Using the word "moreover" as the filter, copy each matching line from the records.

┌─ RECORDS SHOWN

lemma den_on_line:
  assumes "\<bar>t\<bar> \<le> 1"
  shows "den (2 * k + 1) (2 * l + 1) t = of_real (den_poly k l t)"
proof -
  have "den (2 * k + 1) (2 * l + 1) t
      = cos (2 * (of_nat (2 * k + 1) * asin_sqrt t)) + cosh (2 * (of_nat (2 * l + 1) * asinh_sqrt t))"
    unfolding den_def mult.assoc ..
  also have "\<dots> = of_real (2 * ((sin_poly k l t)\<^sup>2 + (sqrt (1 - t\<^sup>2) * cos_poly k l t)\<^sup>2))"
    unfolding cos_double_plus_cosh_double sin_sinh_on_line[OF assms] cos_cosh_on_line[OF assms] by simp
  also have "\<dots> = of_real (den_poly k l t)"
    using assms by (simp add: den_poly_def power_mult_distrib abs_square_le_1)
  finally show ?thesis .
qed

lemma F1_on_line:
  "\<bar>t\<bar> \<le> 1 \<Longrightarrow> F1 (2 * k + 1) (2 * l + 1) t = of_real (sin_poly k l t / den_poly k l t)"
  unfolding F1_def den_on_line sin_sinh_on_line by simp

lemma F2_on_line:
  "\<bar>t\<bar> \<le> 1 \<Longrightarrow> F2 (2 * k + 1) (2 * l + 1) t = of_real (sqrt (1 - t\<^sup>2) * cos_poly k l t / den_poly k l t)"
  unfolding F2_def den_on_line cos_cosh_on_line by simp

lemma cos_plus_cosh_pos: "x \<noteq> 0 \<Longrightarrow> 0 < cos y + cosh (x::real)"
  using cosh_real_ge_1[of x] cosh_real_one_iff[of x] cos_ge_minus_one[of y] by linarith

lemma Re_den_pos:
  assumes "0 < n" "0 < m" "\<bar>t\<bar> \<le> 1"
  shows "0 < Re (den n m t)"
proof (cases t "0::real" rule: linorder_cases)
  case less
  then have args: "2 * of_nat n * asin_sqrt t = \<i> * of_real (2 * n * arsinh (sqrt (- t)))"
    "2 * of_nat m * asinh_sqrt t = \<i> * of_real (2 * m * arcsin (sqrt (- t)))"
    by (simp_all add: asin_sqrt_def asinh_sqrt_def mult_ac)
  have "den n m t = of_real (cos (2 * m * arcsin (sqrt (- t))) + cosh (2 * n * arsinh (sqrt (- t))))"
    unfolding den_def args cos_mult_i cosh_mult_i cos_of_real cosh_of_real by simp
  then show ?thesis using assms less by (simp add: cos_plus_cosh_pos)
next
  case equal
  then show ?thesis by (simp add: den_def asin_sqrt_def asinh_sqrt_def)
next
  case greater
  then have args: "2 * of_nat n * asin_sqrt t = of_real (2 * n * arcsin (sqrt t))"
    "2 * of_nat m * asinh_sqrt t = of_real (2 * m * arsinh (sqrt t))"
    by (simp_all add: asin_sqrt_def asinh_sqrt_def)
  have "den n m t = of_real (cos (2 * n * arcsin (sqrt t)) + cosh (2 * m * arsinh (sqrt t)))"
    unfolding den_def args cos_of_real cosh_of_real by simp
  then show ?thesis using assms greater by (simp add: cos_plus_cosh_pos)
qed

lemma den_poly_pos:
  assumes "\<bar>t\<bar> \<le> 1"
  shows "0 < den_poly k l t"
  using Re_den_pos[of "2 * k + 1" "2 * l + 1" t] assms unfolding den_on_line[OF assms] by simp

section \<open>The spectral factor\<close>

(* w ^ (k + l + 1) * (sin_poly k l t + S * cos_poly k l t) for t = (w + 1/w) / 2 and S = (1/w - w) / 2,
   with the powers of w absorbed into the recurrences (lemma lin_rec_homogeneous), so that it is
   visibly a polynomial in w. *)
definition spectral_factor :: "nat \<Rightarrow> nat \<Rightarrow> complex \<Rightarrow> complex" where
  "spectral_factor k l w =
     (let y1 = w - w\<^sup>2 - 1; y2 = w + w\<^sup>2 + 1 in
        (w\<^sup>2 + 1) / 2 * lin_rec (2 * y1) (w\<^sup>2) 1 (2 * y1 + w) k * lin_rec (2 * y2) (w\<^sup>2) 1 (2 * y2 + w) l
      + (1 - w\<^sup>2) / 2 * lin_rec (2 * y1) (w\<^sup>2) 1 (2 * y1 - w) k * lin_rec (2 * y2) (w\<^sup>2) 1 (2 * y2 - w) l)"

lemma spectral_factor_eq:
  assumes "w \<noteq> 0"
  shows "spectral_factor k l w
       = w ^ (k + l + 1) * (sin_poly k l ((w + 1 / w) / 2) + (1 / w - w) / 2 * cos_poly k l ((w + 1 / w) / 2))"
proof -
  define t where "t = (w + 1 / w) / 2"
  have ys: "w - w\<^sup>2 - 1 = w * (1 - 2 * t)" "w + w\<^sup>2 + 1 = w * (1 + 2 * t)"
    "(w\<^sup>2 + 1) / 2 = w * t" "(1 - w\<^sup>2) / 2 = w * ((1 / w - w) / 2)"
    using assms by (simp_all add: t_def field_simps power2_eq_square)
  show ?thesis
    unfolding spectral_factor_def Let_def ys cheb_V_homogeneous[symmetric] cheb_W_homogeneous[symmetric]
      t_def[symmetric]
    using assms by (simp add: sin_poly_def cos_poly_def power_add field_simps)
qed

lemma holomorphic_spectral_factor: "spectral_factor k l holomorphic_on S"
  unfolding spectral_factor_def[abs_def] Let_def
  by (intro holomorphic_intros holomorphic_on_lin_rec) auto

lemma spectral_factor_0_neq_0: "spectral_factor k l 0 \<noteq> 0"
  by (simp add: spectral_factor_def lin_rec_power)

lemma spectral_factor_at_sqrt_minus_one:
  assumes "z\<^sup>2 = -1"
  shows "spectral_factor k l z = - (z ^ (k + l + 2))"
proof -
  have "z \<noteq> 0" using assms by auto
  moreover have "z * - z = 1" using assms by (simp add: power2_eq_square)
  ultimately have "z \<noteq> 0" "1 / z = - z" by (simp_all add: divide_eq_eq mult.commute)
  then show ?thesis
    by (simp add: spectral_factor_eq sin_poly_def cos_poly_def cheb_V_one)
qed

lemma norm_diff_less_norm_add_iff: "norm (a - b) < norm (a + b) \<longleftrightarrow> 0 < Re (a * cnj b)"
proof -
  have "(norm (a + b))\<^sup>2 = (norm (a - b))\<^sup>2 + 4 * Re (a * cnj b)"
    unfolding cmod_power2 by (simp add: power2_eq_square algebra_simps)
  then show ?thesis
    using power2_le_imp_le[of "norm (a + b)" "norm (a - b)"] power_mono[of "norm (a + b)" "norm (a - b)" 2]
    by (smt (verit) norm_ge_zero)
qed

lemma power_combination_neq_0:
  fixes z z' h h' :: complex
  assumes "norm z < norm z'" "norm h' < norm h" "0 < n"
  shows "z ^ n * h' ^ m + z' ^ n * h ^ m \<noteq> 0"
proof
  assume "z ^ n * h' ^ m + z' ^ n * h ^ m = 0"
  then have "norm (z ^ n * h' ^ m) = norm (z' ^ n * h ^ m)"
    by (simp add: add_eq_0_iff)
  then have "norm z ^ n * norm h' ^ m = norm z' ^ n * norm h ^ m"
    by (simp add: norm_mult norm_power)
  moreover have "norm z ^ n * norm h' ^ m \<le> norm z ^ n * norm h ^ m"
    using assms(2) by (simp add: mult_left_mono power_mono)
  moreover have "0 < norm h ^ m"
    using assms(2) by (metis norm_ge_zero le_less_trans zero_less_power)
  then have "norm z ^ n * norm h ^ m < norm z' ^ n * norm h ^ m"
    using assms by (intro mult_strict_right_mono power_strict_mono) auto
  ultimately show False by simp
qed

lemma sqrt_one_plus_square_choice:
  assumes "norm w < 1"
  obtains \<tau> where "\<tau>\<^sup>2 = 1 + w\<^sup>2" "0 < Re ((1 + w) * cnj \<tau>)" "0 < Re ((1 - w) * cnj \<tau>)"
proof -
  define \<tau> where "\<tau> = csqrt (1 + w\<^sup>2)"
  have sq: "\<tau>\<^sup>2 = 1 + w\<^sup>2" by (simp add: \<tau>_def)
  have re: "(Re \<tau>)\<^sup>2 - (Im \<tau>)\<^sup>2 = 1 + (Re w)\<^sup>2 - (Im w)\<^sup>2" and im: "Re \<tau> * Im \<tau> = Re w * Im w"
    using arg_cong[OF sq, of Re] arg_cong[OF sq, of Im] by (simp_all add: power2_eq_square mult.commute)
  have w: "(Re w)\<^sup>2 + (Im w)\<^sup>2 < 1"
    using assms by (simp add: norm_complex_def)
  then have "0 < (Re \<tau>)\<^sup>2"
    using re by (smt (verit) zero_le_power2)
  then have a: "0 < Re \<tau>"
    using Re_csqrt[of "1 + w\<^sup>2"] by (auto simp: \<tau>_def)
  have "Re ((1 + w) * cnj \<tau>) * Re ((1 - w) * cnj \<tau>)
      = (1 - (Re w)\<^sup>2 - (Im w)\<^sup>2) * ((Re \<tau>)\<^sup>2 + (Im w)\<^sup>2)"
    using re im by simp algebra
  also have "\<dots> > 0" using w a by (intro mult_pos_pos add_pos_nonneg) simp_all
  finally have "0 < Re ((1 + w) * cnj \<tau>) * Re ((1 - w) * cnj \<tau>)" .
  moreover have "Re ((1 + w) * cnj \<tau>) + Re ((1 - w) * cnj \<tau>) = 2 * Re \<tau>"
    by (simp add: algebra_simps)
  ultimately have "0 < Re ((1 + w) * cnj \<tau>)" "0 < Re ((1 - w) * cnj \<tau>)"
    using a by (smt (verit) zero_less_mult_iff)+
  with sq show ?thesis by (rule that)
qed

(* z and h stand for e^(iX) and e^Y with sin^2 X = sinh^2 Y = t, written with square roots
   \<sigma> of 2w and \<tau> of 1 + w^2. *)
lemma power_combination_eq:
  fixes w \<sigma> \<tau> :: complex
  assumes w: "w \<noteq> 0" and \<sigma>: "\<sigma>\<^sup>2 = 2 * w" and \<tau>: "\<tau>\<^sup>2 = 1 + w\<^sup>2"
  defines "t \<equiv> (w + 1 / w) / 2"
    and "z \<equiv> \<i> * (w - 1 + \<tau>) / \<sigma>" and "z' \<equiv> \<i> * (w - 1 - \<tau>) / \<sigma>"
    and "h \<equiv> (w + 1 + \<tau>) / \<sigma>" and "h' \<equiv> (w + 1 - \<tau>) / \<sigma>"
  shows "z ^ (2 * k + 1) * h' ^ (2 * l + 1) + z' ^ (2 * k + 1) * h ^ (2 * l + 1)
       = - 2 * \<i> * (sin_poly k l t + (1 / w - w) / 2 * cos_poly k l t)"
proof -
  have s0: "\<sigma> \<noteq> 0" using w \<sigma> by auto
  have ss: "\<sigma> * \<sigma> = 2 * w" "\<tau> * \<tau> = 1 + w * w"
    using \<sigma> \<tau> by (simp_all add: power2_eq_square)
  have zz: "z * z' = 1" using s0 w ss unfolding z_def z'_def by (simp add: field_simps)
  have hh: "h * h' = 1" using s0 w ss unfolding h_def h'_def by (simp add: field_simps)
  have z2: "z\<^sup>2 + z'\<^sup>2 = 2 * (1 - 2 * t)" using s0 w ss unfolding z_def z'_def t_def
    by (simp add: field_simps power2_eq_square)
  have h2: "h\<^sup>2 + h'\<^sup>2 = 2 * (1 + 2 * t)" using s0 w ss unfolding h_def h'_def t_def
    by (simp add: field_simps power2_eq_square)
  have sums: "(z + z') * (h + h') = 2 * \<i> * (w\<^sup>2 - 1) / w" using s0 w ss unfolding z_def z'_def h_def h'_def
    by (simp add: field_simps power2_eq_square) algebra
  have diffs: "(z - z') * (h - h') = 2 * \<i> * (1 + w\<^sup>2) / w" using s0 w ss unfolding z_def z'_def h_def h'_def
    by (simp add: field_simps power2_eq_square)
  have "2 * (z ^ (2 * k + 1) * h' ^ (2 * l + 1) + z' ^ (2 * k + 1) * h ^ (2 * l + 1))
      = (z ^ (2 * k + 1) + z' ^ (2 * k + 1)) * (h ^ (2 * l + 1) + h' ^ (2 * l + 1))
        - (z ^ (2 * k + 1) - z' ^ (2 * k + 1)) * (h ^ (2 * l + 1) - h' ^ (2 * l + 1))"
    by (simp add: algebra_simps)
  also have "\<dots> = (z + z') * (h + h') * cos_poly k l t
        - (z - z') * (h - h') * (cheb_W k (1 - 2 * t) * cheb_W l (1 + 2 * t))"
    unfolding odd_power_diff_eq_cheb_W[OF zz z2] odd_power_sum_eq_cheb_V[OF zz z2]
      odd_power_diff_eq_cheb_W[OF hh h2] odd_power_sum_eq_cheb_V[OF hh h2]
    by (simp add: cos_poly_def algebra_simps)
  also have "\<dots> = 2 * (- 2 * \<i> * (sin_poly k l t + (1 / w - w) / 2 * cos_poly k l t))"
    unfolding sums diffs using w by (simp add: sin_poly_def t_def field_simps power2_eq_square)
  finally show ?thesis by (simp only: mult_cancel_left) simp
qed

└─

**ANSWER SPACE**:
  moreover have "z * - z = 1" using assms by (simp add: power2_eq_square)
  moreover have "norm z ^ n * norm h' ^ m \<le> norm z ^ n * norm h ^ m"
  moreover have "0 < norm h ^ m"
  moreover have "Re ((1 + w) * cnj \<tau>) + Re ((1 - w) * cnj \<tau>) = 2 * Re \<tau>"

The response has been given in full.